*Records for this task*:
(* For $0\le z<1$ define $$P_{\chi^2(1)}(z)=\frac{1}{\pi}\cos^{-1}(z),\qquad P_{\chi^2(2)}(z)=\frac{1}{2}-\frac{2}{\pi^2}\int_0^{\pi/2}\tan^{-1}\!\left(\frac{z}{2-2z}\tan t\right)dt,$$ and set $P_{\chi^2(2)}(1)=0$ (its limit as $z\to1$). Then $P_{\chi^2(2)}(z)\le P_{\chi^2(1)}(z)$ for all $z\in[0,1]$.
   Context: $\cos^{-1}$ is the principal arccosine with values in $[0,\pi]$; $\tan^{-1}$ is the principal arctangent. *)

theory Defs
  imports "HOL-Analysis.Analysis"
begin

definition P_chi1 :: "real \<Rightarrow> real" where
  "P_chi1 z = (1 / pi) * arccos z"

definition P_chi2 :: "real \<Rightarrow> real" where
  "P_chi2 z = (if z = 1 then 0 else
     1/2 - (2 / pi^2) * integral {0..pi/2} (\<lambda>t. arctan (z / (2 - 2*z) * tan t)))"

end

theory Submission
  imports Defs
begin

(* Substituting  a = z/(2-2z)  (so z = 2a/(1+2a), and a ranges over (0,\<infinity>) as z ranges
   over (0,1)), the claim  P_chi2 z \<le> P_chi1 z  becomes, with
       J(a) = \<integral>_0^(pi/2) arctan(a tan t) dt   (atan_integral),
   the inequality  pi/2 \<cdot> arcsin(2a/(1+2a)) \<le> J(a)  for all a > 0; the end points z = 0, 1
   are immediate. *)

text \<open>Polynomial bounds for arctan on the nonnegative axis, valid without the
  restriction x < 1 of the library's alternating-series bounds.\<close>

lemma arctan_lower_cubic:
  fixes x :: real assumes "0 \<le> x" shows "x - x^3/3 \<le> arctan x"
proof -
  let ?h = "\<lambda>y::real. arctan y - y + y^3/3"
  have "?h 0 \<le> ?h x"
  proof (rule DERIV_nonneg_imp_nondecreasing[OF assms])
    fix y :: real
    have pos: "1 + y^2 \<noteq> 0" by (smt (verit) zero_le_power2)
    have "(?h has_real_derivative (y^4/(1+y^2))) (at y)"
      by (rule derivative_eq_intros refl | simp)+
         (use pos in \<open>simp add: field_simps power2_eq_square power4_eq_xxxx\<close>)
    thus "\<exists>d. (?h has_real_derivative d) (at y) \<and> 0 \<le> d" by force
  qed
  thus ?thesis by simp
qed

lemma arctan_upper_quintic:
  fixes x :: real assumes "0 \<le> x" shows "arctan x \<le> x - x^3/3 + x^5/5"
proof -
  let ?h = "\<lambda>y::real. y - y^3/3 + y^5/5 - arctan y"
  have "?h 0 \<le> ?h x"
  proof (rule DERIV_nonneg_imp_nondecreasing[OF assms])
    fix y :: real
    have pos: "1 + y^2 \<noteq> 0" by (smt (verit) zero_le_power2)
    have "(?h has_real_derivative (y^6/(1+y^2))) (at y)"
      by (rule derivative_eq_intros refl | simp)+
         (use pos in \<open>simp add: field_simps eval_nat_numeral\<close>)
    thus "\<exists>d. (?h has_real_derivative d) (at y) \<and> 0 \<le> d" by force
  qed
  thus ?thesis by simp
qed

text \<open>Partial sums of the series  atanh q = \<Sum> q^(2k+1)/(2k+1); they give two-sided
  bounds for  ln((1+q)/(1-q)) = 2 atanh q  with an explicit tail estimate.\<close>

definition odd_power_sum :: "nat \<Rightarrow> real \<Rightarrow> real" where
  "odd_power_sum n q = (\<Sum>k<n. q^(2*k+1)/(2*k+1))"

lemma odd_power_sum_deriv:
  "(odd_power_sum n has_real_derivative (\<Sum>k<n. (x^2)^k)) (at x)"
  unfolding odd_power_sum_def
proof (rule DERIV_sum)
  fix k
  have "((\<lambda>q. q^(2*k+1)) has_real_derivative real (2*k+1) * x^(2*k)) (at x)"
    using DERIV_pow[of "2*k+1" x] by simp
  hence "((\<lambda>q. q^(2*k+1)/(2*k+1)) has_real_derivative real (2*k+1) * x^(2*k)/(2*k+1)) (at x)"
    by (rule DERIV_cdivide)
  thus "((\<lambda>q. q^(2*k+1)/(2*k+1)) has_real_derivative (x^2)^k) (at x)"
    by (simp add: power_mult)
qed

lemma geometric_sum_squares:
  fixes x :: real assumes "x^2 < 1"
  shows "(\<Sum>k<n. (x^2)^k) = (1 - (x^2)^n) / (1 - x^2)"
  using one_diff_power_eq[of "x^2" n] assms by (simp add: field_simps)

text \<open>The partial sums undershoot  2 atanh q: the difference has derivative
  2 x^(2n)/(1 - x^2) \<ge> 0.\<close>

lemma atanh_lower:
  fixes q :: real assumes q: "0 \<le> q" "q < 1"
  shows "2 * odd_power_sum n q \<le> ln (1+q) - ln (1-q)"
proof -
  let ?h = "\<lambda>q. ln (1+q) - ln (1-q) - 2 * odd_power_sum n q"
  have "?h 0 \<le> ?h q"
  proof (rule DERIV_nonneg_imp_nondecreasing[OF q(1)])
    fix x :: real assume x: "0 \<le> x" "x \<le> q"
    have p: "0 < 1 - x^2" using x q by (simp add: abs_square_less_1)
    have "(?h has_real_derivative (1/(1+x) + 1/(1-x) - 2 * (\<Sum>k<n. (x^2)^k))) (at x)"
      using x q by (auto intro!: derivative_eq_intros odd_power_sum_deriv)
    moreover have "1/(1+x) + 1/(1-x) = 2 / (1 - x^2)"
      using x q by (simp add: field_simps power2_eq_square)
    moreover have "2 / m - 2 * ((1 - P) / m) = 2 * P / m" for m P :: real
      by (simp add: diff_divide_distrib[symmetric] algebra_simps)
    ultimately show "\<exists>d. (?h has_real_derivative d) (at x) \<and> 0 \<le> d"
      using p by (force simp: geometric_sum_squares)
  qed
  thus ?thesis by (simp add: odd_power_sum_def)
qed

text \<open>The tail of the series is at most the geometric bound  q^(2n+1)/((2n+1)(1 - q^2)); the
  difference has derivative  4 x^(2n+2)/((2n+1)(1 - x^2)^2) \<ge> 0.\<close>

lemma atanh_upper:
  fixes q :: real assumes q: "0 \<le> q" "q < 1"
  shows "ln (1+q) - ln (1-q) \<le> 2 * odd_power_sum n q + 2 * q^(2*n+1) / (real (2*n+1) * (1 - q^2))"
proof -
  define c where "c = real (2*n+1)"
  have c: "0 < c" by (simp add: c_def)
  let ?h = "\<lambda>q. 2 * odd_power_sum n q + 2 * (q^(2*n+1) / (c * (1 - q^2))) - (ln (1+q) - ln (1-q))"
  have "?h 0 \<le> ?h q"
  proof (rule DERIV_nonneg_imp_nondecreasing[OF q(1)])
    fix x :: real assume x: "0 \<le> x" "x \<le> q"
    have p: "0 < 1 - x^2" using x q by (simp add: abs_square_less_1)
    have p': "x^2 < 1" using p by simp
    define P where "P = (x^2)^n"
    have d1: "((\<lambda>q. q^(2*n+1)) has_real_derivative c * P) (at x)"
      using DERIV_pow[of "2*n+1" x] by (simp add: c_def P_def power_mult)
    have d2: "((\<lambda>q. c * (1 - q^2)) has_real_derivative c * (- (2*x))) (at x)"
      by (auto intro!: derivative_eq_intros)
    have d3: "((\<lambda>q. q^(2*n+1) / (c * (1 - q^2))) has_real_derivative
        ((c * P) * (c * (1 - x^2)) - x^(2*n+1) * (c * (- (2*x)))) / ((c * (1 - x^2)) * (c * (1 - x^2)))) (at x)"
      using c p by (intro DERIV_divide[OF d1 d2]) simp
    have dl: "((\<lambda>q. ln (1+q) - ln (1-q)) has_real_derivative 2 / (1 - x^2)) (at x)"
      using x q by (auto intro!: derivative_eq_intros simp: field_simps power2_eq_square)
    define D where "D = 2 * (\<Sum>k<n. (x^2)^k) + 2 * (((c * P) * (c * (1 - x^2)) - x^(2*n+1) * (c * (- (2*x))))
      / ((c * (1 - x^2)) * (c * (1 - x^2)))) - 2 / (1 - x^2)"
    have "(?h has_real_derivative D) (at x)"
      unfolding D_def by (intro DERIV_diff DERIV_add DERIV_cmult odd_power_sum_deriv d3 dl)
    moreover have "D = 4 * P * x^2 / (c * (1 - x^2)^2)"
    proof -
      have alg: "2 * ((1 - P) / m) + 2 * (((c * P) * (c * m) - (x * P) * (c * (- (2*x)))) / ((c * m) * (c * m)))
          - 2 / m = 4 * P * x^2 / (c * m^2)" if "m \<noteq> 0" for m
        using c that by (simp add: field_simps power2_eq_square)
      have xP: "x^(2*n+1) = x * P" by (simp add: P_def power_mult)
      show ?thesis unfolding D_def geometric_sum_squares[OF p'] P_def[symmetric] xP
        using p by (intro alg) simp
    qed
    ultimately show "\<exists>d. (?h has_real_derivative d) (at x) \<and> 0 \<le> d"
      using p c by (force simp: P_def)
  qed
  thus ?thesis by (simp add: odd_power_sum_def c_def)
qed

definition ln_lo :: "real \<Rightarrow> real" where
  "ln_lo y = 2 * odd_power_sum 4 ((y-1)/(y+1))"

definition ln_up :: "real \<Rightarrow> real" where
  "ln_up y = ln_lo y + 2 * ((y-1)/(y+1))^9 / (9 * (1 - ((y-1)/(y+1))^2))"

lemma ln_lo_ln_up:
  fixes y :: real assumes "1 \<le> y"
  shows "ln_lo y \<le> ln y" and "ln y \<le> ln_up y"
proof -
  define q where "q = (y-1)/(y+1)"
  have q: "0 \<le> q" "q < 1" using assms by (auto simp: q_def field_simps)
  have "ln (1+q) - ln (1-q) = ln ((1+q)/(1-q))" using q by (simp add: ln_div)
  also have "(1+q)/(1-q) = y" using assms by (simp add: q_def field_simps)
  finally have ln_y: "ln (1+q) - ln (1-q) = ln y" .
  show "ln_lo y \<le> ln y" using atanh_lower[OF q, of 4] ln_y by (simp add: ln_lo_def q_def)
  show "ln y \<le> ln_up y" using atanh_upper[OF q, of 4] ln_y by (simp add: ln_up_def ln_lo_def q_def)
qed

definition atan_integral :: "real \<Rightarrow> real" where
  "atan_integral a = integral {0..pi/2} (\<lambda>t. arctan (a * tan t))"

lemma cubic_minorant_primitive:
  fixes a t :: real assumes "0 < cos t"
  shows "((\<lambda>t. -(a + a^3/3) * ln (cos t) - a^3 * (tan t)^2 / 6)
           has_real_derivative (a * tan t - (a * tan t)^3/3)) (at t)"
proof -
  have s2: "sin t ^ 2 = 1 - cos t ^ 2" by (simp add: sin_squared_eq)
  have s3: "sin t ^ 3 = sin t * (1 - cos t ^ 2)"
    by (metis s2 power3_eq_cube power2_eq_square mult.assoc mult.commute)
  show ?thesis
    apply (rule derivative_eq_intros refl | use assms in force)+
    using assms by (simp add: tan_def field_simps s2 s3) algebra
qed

==

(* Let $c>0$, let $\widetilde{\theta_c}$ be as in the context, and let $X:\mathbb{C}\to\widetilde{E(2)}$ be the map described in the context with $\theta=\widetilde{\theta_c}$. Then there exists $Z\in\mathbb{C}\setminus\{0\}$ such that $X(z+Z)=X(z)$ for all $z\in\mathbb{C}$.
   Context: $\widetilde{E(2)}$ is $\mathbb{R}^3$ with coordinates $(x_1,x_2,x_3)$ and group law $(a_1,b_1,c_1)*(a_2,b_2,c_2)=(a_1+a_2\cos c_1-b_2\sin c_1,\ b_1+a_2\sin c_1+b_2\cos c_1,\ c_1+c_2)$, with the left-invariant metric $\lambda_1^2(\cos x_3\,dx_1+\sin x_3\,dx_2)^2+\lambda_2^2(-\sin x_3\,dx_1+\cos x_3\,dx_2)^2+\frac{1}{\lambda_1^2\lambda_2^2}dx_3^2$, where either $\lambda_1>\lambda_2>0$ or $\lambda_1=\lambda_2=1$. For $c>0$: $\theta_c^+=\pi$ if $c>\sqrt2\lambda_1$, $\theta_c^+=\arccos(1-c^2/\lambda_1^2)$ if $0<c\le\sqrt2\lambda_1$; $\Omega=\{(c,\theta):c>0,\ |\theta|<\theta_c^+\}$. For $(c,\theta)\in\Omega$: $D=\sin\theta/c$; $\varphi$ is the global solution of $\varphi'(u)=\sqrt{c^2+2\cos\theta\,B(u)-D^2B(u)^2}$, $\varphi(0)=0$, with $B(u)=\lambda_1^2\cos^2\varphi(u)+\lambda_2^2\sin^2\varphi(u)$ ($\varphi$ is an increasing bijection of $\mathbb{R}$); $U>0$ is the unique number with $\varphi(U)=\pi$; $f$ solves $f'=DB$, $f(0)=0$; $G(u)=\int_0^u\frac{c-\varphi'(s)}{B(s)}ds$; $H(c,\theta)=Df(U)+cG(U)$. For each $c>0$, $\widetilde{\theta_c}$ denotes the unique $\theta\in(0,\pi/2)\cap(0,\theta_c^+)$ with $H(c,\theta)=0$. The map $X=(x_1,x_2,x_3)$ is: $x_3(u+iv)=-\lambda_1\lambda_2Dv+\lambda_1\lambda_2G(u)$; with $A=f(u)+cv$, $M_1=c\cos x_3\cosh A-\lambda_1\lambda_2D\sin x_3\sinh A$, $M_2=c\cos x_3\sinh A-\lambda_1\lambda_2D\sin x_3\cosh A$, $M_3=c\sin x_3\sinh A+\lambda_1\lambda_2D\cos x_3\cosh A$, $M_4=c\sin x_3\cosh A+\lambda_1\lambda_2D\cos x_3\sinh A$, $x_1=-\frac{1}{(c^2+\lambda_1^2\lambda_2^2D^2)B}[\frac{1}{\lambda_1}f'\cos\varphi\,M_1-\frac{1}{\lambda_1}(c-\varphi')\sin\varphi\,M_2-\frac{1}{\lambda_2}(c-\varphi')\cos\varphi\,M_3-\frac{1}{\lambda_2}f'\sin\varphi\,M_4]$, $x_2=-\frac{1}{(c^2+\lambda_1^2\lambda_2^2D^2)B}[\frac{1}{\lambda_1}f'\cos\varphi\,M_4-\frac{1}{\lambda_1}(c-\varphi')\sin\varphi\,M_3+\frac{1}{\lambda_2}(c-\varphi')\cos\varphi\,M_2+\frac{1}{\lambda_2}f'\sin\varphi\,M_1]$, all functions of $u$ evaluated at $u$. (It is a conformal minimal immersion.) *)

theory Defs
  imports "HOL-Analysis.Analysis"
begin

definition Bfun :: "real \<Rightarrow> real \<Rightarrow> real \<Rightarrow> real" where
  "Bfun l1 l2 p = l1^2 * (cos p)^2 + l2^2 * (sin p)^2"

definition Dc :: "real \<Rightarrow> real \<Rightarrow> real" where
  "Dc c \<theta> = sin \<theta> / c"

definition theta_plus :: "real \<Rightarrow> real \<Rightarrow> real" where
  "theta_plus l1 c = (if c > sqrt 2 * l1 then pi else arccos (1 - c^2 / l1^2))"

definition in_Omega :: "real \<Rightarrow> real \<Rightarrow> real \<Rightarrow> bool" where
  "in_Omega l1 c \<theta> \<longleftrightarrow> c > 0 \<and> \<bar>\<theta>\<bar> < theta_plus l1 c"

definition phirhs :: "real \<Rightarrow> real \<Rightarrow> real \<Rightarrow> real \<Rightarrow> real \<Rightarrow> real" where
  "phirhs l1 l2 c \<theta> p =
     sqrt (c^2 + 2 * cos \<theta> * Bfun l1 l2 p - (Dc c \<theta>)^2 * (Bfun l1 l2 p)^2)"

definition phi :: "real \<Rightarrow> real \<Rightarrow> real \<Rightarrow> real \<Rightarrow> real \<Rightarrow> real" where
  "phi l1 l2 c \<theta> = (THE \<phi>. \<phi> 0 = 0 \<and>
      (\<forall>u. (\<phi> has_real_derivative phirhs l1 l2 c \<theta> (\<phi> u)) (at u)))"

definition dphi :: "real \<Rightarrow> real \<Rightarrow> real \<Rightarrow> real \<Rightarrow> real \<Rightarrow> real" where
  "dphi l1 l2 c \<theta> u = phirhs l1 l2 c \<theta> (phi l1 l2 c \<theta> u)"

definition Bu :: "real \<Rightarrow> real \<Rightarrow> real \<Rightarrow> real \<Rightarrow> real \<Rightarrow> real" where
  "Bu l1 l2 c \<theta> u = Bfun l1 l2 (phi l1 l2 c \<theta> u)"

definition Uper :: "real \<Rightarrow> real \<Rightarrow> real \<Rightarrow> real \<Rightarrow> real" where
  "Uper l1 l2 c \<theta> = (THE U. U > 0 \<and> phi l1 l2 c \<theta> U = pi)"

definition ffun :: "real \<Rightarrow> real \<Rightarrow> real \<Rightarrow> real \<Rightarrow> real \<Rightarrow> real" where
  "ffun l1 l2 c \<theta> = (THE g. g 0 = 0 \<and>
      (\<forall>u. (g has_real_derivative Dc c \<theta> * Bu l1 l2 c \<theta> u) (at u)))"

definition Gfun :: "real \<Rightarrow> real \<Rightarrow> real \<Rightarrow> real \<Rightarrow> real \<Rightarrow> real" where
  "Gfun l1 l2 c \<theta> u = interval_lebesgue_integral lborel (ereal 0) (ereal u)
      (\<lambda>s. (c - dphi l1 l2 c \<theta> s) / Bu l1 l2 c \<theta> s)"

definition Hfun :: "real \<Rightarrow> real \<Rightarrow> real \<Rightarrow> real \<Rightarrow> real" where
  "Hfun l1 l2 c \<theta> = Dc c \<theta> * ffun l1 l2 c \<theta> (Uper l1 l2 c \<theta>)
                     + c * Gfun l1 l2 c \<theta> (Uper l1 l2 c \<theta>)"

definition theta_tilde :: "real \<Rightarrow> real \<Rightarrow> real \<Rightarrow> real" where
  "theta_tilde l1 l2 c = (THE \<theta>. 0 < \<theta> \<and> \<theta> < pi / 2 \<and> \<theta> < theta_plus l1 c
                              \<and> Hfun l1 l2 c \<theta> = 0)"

*Activity*: From the data above, return every line from the line that has "q^(2*n+1)) has_real_derivative c" up to and including the line that has "using c p by", exactly.

*Output for this task*:
    have d1: "((\<lambda>q. q^(2*n+1)) has_real_derivative c * P) (at x)"
      using DERIV_pow[of "2*n+1" x] by (simp add: c_def P_def power_mult)
    have d2: "((\<lambda>q. c * (1 - q^2)) has_real_derivative c * (- (2*x))) (at x)"
      by (auto intro!: derivative_eq_intros)
    have d3: "((\<lambda>q. q^(2*n+1) / (c * (1 - q^2))) has_real_derivative
        ((c * P) * (c * (1 - x^2)) - x^(2*n+1) * (c * (- (2*x)))) / ((c * (1 - x^2)) * (c * (1 - x^2)))) (at x)"
      using c p by (intro DERIV_divide[OF d1 d2]) simp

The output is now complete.